Ici en Côte d’Ivoire, l’une des difficultés de tous les entrepreneurs reste la question du financement. Les prêts bancaires sont généralement difficiles à obtenir. Avez-vous des solutions à proposer à ce niveau ?

A la Banque mondiale, nous sommes bien conscients de ces difficultés. Un de nos récents rapports a démontré que les entreprises appartenant aux hommes ont six fois plus de capitaux que celles appartenant aux femmes. Les femmes n’ont pas de terre et d’autres biens qui peuvent servir de cautions, et elles ont très peu d’influence sur les décisions financières dans leurs foyers. Cela rend les choses plus compliquées pour obtenir des prêts pour financer la croissance de leurs entreprises.

Dans beaucoup de cas, un simple ajustement, à bas coût, dans un montage de projet, peut avoir un grand impact. Notre laboratoire d’innovation sur le genre en Afrique a utilisé des tests psychométriques en Ethiopie comme alternative à la caution bancaire. Ces tests prédisent avec une exactitude impressionnante la probabilité qu’un entrepreneur va rembourser son prêt bancaire, avec un taux de remboursement de 99%. On a aussi découvert au Malawi, que le simple fait d’encourager les femmes à faire enregistrer leurs entreprises n’avait aucune incidence sur leurs profits. Mais quand cet enregistrement est accompagné d’une simple session d’information dans une banque, avec une offre d’ouverture d’un compte bancaire, le taux d’utilisation des services bancaires par ces femmes augmente, ce qui permet en retour d’augmenter leur profit de 20% en moyenne. Et on peut le faire avec seulement 27 dollars par entreprise.

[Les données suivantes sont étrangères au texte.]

(* On the good event $\mathcal E$ (defined in the context), for every integer $k$ with $C''\le k\le K$ and every policy $\pi$, $$\hat V_1^\pi(\mu;\tilde c^k,\hat P^k)\le V_1^\pi(\mu;c,P).$$
   Context: Episodic constrained MDP. $\mathcal S,\mathcal A$ finite, $H\ge1$ integer. For each $h\in[H]$, $(s,a)$: unknown transition distribution $P_h(\cdot\mid s,a)$, unknown mean reward $r_h(s,a)\in[0,1]$, unknown mean cost $c_h(s,a)\in[0,1]$. Known initial distribution $\mu$, threshold $\tau\in(0,H]$. Policies are randomized Markov. $V_h^\pi(s;g,P'):=\mathbb E_{P',\pi}[\sum_{t=h}^Hg_t(S_t,A_t)\mid S_h=s]$, $V_1^\pi(\mu;g,P'):=\mathbb E_{S_1\sim\mu}V_1^\pi(S_1;g,P')$. There exists a policy $\pi^0$ with $V_1^{\pi^0}(\mu;c,P)=c^0<\tau$, $c^0$ known. Interaction over $K$ episodes: in episode $k$, $\pi^k$ is $\mathcal F_{k-1}$-measurable; $S_1^k\sim\mu$, $A_h^k\sim\pi_h^k(\cdot\mid S_h^k)$, observed $R_h^k=r_h(S_h^k,A_h^k)+\text{noise}$, $C_h^k=c_h(S_h^k,A_h^k)+\text{noise}$, $S_{h+1}^k\sim P_h(\cdot\mid S_h^k,A_h^k)$; $\mathcal F_k$ generated by all observations of episodes $1..k$; noises conditionally independent, zero mean, $\mathbb E[e^{\lambda\xi}\mid\mathcal F_{k-1}]\le e^{\lambda^2/4}$ for all real $\lambda$. Here the policies are those of OptPess-PrimalDual: $\lambda^1=0$, $\pi^k\in\arg\max_\pi\hat V_1^\pi(\mu;\tilde r^k,\hat P^k)-\frac{\lambda^k}{\eta^k}(\hat V_1^\pi(\mu;\tilde c^k,\hat P^k)-\tau)$, $\lambda^{k+1}=(\lambda^k+\hat V_1^{\pi^k}(\mu;\tilde c^k,\hat P^k)+\epsilon_k-\tau)_+$, $\eta^k=(\tau-c^0)H\sqrt k$. Estimates: $N_h^k(s,a)$ = visits of $(s,a)$ at step $h$ in episodes $1..k-1$; $\hat P_h^k,\hat r_h^k,\hat c_h^k$ empirical transition frequencies and means (denominator $N_h^k(s,a)\vee1$); $\delta\in(0,1)$, $Z:=\log(16|\mathcal S|^2|\mathcal A|HK/\delta)$, $\beta_h^k(s,a):=\sqrt{Z/(N_h^k(s,a)\vee1)}$; $\tilde r_h^k:=\hat r_h^k+(1+H|\mathcal S|)\beta_h^k$, $\tilde c_h^k:=\hat c_h^k-(1+H|\mathcal S|)\beta_h^k$, $\underline c_h^k:=\hat c_h^k+(1+H|\mathcal S|)\beta_h^k$; $\hat V_1^\pi(\mu;\tilde r^k,\hat P^k):=\min\{H,V_1^\pi(\mu;\tilde r^k,\hat P^k)\}$, $\hat V_1^\pi(\mu;\tilde c^k,\hat P^k):=\max\{0,V_1^\pi(\mu;\tilde c^k,\hat P^k)\}$. $\delta'=\delta/(16|\mathcal S|^2|\mathcal A|H)$, $\epsilon_k=5H^2\sqrt{|\mathcal S|^3|\mathcal A|}(\log\frac{k}{\delta'}+1)/\sqrt{k\log\frac{k}{\delta'}}$, and $C''$ is the smallest positive integer such that $\epsilon_k\le(\tau-c^0)/2$ for all $k\ge C''$. Good event: with $q^{\pi^k}(s,a,h):=\mathbb P(S_h^k=s,A_h^k=a\mid\mathcal F_{k-1})$, for events $\mathcal G_k\in\mathcal F_{k-1}$ and $\delta_0$, $\mathcal E_{\mathcal G}(\delta_0)$ is the event that for all $K'\in[K]$, with $K'_{\mathcal G}=\sum_{k\le K'}\mathbb 1(\mathcal G_k)$: $\sum_{k\le K'}\sum_h\sum_{s,a}\frac{\mathbb 1(\mathcal G_k)q^{\pi^k}(s,a,h)}{N_h^k(s,a)\vee1}\le4H|\mathcal S||\mathcal A|+2H|\mathcal S||\mathcal A|\ln K'_{\mathcal G}+4\ln\frac{2HK}{\delta_0}$ and $\sum_{k\le K'}\sum_h\sum_{s,a}\frac{\mathbb 1(\mathcal G_k)q^{\pi^k}(s,a,h)}{\sqrt{N_h^k(s,a)\vee1}}\le6H|\mathcal S||\mathcal A|+2H\sqrt{|\mathcal S||\mathcal A|K'_{\mathcal G}}+2H|\mathcal S||\mathcal A|\ln K'_{\mathcal G}+5\ln\frac{2HK}{\delta_0}$; $\mathcal E_\Omega$ uses $\mathcal G_k=\Omega$, $\mathcal E_0$ uses $\mathcal G_k=\{V_1^{\pi^0}(\mu;\underline c^k,\hat P^k)\ge(\tau+c^0)/2\}$. $\mathcal E$ is the event that for all $k,h,s,s',a$: $|r_h(s,a)-\hat r_h^k(s,a)|\le\beta_h^k(s,a)$, $|c_h(s,a)-\hat c_h^k(s,a)|\le\beta_h^k(s,a)$, $|\hat P_h^k(s'\mid s,a)-P_h(s'\mid s,a)|\le\beta_h^k(s,a)$ and $|\hat P_h^k(s'\mid s,a)-P_h(s'\mid s,a)|\le\sqrt{\frac{2P_h(s'\mid s,a)Z}{N_h^k(s,a)\vee1}}+\frac{Z}{3(N_h^k(s,a)\vee1)}$, intersected with $\mathcal E_\Omega(\delta/4)\cap\mathcal E_0(\delta/4)$. *)

theory Defs
  imports "HOL-Analysis.Analysis"
begin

Quels sont les secteurs porteurs en termes d’entrepreneuriat féminin ?

Il y a cette tendance en Afrique qui voudrait que les femmes entrepreneures soient concentrées dans des secteurs d’activités peu lucratifs, et traditionnellement dominés par les femmes. En Ouganda, par exemple, une coiffeuse gagne en moyenne 86 dollars par mois, alors qu’un électricien gagne 371 dollars sur la même période.

Notre étude a montré qu’un quart de l’écart entre les profits générés par les entreprises appartenant aux hommes et celles aux mains de femmes pouvait s’expliquer par le fait que les femmes opèrent dans des secteurs moins profitables. Nous avons également découvert que ce n’est ni par manque de compétences ou d’accès aux capitaux que les femmes opèrent dans des secteurs traditionnellement dominés par les femmes, mais à cause de facteurs sociaux et d’un manque d’information cruciale. Parfois, elles ne savent mêmes pas qu’elles gagnent moins que les hommes.

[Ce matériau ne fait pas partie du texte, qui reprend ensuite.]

(* Let $\mathscr V$ be a braided monoidal category with braiding $c$. The following are equivalent: (1) $\mathscr V$ is symmetric, i.e. $c_{X',X}\circ c_{X,X'}=1$ for all $X,X'$; (2) for every left $\mathscr V$-graded category $\mathscr C$ and every $\mathrm V$-graded square $(f,g,\varphi,\varphi')$ in $\mathscr C$, the quadruple $(\varphi,\varphi',f,g)$ is also a $\mathrm V$-graded square in $\mathscr C$.
   Context: $\mathscr V=(\mathscr V,\otimes,I,a,\ell,r)$ is a monoidal category with braiding $c_{X,Y}\colon X\otimes Y\to Y\otimes X$. A left $\mathscr V$-graded category $\mathscr C$ has a set of objects, sets $\mathscr C_X(A,B)$ of graded morphisms of grade $X\in\mathscr V$, reindexings $\alpha^*f\in\mathscr C_Y(A,B)$ along $\alpha\colon Y\to X$, composites $g\circ f\in\mathscr C_{Y\otimes X}(A,C)$ for $f\in\mathscr C_X(A,B)$, $g\in\mathscr C_Y(B,C)$, identities $\mathsf i_A\in\mathscr C_I(A,A)$, with functorial reindexing, $\beta^*g\circ\alpha^*f=(\beta\otimes\alpha)^*(g\circ f)$, $(h\circ g)\circ f=a^*(h\circ(g\circ f))$, $f\circ\mathsf i_A=r_X^*f$, $\mathsf i_B\circ f=\ell_X^*f$. (E.g. $\mathscr V$ itself with $\mathscr V_X(A,B)=\mathscr V(X\otimes A,B)$.) For braided $\mathscr V$, a $\mathrm V$-graded square in $\mathscr C$ is a quadruple $(f,g,\varphi,\varphi')$ with $f\in\mathscr C_X(A,A')$, $g\in\mathscr C_X(B,B')$, $\varphi\in\mathscr C_{X'}(A,B)$, $\varphi'\in\mathscr C_{X'}(A',B')$ (for some $X,X'$) such that $g\circ\varphi=c_{X,X'}^*(\varphi'\circ f)$ in $\mathscr C_{X\otimes X'}(A,B')$. *)

theory Defs
  imports Main
begin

Au Nigeria, nous avons obtenu des résultats impressionnants en formant des étudiantes en technologies de l’information et de la communication. Elles ont augmenté leur chance de travailler dans le secteur des TICs de 26%. Cela démontre que ce type de formations peut booster la création d’emplois pour les femmes dans ces secteurs émergeants.

Qu’est-ce qui est prévu cette année par la Banque mondiale en faveur des femmes entrepreneurs ?

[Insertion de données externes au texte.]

section \<open>Polar coordinates and the mean value property\<close>

lemma has_integral_cbox_Complex_pair:
  fixes H :: "complex \<Rightarrow> 'c::banach"
  assumes "(H has_integral I) (cbox (Complex a c) (Complex b d))"
  shows "((\<lambda>p. H (Complex (fst p) (snd p))) has_integral I) (cbox (a, c) (b, d))"
proof -
  define g where "g = (\<lambda>p::real \<times> real. Complex (fst p) (snd p))"
  define h where "h = (\<lambda>w. (Re w, Im w))"
  have g_cbox: "g ` cbox u v = cbox (g u) (g v)" for u v
    by (cases u; cases v) (simp add: g_def cbox_Pair_eq cbox_Complex_eq split_beta')
  have h_cbox: "h ` cbox u v = cbox (h u) (h v)" for u v
  proof (rule set_eqI)
    fix x :: "real \<times> real"
    obtain x1 x2 where x: "x = (x1, x2)" by fastforce
    show "x \<in> h ` cbox u v \<longleftrightarrow> x \<in> cbox (h u) (h v)"
      by (auto simp: x h_def in_cbox_complex_iff cbox_Pair_eq image_iff intro!: bexI[of _ "Complex x1 x2"])
  qed
  have "g -` cbox (Complex a c) (Complex b d) = cbox (a, c) (b, d)"
    by (auto simp: g_def in_cbox_complex_iff cbox_Pair_eq)
  moreover have "((\<lambda>x. H (g x)) has_integral I) (g -` cbox (Complex a c) (Complex b d))"
  proof (rule has_integral_vimage_isometry[where h=h, OF _ _ _ _ _ _ _ assms])
    show "h (g x) = x" "g (h y) = y" for x y
      by (simp_all add: g_def h_def)
    show "isCont g x" for x
      unfolding g_def Complex_eq by (intro continuous_intros)
    show "norm (g x) = norm x" for x
      using norm_Pair[of "fst x" "snd x"] by (simp add: g_def cmod_def)
    show "\<exists>w z. g ` cbox u v = cbox w z" for u v
      using g_cbox by blast
    show "\<exists>w z. h ` cbox u v = cbox w z" for u v
      using h_cbox by blast
    show "measure lborel (g ` cbox u v) = measure lborel (cbox u v)" for u v
      unfolding g_cbox by (cases u; cases v) (simp add: content_cbox_complex content_Pair g_def)
  qed
  ultimately show ?thesis by (simp add: g_def)
qed

lemma integral_cbox_complex_iterated:
  fixes H :: "complex \<Rightarrow> 'c::banach"
  assumes H: "continuous_on (cbox (Complex a c) (Complex b d)) H"
  shows "integral (cbox (Complex a c) (Complex b d)) H =
           integral {a..b} (\<lambda>x. integral {c..d} (\<lambda>y. H (Complex x y)))"
proof -
  have "continuous_on (cbox (a, c) (b, d)) (\<lambda>p. H (Complex (fst p) (snd p)))"
    by (rule continuous_on_compose2[OF H]) (auto intro!: continuous_intros simp: in_cbox_complex_iff cbox_Pair_eq)
  moreover have "((\<lambda>p. H (Complex (fst p) (snd p))) has_integral
      integral (cbox (Complex a c) (Complex b d)) H) (cbox (a, c) (b, d))"
    using H by (intro has_integral_cbox_Complex_pair integrable_integral integrable_continuous)
  ultimately show ?thesis
    using integral_prod_continuous[of a c b d "\<lambda>p. H (Complex (fst p) (snd p))"]
    by (simp add: integral_unique)
qed

text \<open>Polar coordinates, with the radius in the real part and the angle, measured in full
  turns, in the imaginary part.\<close>

definition polar_map :: "complex \<Rightarrow> complex" where
  "polar_map c = of_real (Re c * cos (2*pi*Im c)) + \<i> * of_real (Re c * sin (2*pi*Im c))"

definition polar_map' :: "complex \<Rightarrow> complex \<Rightarrow> complex" where
  "polar_map' c h = of_real (Re h * cos (2*pi*Im c) - Re c * (2*pi*Im h) * sin (2*pi*Im c))
      + \<i> * of_real (Re h * sin (2*pi*Im c) + Re c * (2*pi*Im h) * cos (2*pi*Im c))"

lemma has_derivative_polar_map: "(polar_map has_derivative polar_map' c) (at c)"
  unfolding polar_map_def polar_map'_def
  by (auto intro!: derivative_eq_intros simp: algebra_simps)

lemma jacobian_det_polar_map': "jacobian_det (polar_map' c) = 2 * pi * Re c"
proof -
  define \<theta> where "\<theta> = 2*pi*Im c"
  have "jacobian_det (polar_map' c) = 2*pi*Re c * (cos \<theta> * cos \<theta>) + 2*pi*Re c * (sin \<theta> * sin \<theta>)"
    by (simp add: jacobian_det_def polar_map'_def algebra_simps \<theta>_def)
  also have "\<dots> = 2*pi*Re c * (cos \<theta> * cos \<theta> + sin \<theta> * sin \<theta>)"
    by (simp only: distrib_left)
  also have "cos \<theta> * cos \<theta> + sin \<theta> * sin \<theta> = 1"
    using sin_cos_squared_add2[of \<theta>] by (simp only: power2_eq_square)
  finally show ?thesis by simp
qed

lemma polar_map_eq: "polar_map c = of_real (Re c) * cis (2*pi*Im c)"
  by (simp add: polar_map_def complex_eq_iff)

lemma norm_polar_map: "Re c \<ge> 0 \<Longrightarrow> norm (polar_map c) = Re c"
  by (simp add: polar_map_eq norm_mult)

lemma continuous_on_polar_map: "continuous_on A polar_map"
  unfolding polar_map_def by (intro continuous_intros)

lemma inj_on_polar_map: "inj_on polar_map (box 0 (Complex t 1))"
proof (rule inj_onI)
  fix x y
  assume x: "x \<in> box 0 (Complex t 1)" and y: "y \<in> box 0 (Complex t 1)"
    and eq: "polar_map x = polar_map y"
  have xr: "0 < Re x" "0 < Im x" "Im x < 1" and yr: "0 < Re y" "0 < Im y" "Im y < 1"
    using x y by (auto simp: in_box_complex_iff)
  have Re_eq: "Re x = Re y"
    using norm_polar_map[of x] norm_polar_map[of y] eq xr yr by simp
  then have "exp (\<i> * of_real (2*pi*Im x)) = exp (\<i> * of_real (2*pi*Im y))"
    using eq xr by (simp add: polar_map_eq cis_conv_exp)
  then obtain n :: int where "\<i> * of_real (2*pi*Im x) = \<i> * of_real (2*pi*Im y) + (of_int (2 * n) * pi) * \<i>"
    unfolding exp_eq by blast
  then have "2*pi*(Im x - Im y - n) = 0"
    by (simp add: complex_eq_iff algebra_simps)
  then have "Im x - Im y = n" by simp
  moreover have "\<bar>Im x - Im y\<bar> < 1" using xr yr by auto
  ultimately have "n = 0" by linarith
  then have "Im x = Im y" using \<open>Im x - Im y = n\<close> by simp
  with Re_eq show "x = y" by (simp add: complex_eq_iff)
qed

lemma polar_map_box_subset: "polar_map ` box 0 (Complex t 1) \<subseteq> ball 0 t"
  by (auto simp: in_box_complex_iff norm_polar_map)

lemma ball_minus_polar_map_box: "ball 0 t - polar_map ` box 0 (Complex t 1) \<subseteq> {x. \<i> \<bullet> x = 0}"
proof
  fix w assume w: "w \<in> ball 0 t - polar_map ` box 0 (Complex t 1)"
  show "w \<in> {x. \<i> \<bullet> x = 0}"
  proof (rule ccontr)
    assume "w \<notin> {x. \<i> \<bullet> x = 0}"
    then have imw: "Im w \<noteq> 0" by (simp add: inner_complex_def)
    define \<theta> where "\<theta> = Arg w"
    have wr: "w = of_real (cmod w) * cis \<theta>" using rcis_cmod_Arg[of w] by (simp add: rcis_def \<theta>_def)
    have "Im w = cmod w * sin \<theta>" by (subst wr) simp
    then have "sin \<theta> \<noteq> 0" using imw by auto
    then have b: "-pi < \<theta>" "\<theta> \<le> pi" "\<theta> \<noteq> 0" "\<theta> \<noteq> pi"
      using Arg_bounded[of w] by (auto simp: \<theta>_def)
    define \<tau> where "\<tau> = (if \<theta> > 0 then \<theta> / (2*pi) else \<theta> / (2*pi) + 1)"
    have \<tau>: "0 < \<tau>" "\<tau> < 1"
      using b pi_gt_zero by (auto simp: \<tau>_def field_simps)
    have "cis (2*pi*\<tau>) = cis \<theta>"
    proof (cases "\<theta> > 0")
      case False
      then have "2*pi*\<tau> = \<theta> + 2*pi" by (simp add: \<tau>_def field_simps)
      then show ?thesis by (simp add: cis.ctr complex_eq_iff)
    qed (simp add: \<tau>_def)
    then have "polar_map (Complex (cmod w) \<tau>) = w" using wr by (simp add: polar_map_eq)
    moreover have "Complex (cmod w) \<tau> \<in> box 0 (Complex t 1)"
      using w imw \<tau> by (auto simp: in_box_complex_iff)
    ultimately have "w \<in> polar_map ` box 0 (Complex t 1)" by (metis image_eqI)
    with w show False by blast
  qed
qed

lemma integral_ball_eq_polar_map_image:
  fixes H :: "complex \<Rightarrow> complex"
  assumes "H absolutely_integrable_on ball 0 t"
  shows "H absolutely_integrable_on polar_map ` box 0 (Complex t 1)"
    "integral (ball 0 t) H = integral (polar_map ` box 0 (Complex t 1)) H"
proof -
  have neg1: "negligible {x \<in> ball 0 t - polar_map ` box 0 (Complex t 1). H x \<noteq> 0}"
    by (rule negligible_subset[OF negligible_hyperplane[of \<i> 0]])
      (use ball_minus_polar_map_box[of t] in auto)
  have "{x \<in> polar_map ` box 0 (Complex t 1) - ball 0 t. H x \<noteq> 0} = {}"
    using polar_map_box_subset[of t] by auto
  then have neg2: "negligible {x \<in> polar_map ` box 0 (Complex t 1) - ball 0 t. H x \<noteq> 0}"
    by (metis negligible_empty)
  show "H absolutely_integrable_on polar_map ` box 0 (Complex t 1)"
    using assms absolutely_integrable_spike_set_eq[OF neg1 neg2] by blast
  show "integral (ball 0 t) H = integral (polar_map ` box 0 (Complex t 1)) H"
    by (rule integral_spike_set[OF neg1 neg2])
qed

Au cours de leur vie, les femmes et les filles sont l’objet de discrimination. Promouvoir l’entrepreneuriat des femmes et leur donner les moyens de leur ambition exige des solutions transposables à grande échelle. Nous entendons profiter de l’élan généré par l’initiative We-Fi et nos programmes ciblant les femmes entrepreneures. Nous continuerons de démontrer que des mesures ciblées, parfois simples et peu coûteuses, peuvent avoir un impact très important. Nous ne le répèterons jamais assez : miser sur les femmes est un pari gagnant. Quand les femmes réussissent, tout le monde en profite. Et je suis fière de souligner qu’à la Banque mondiale nous pratiquons ce que nous prêchons : la parité est une réalité au sein de notre équipe dirigeante.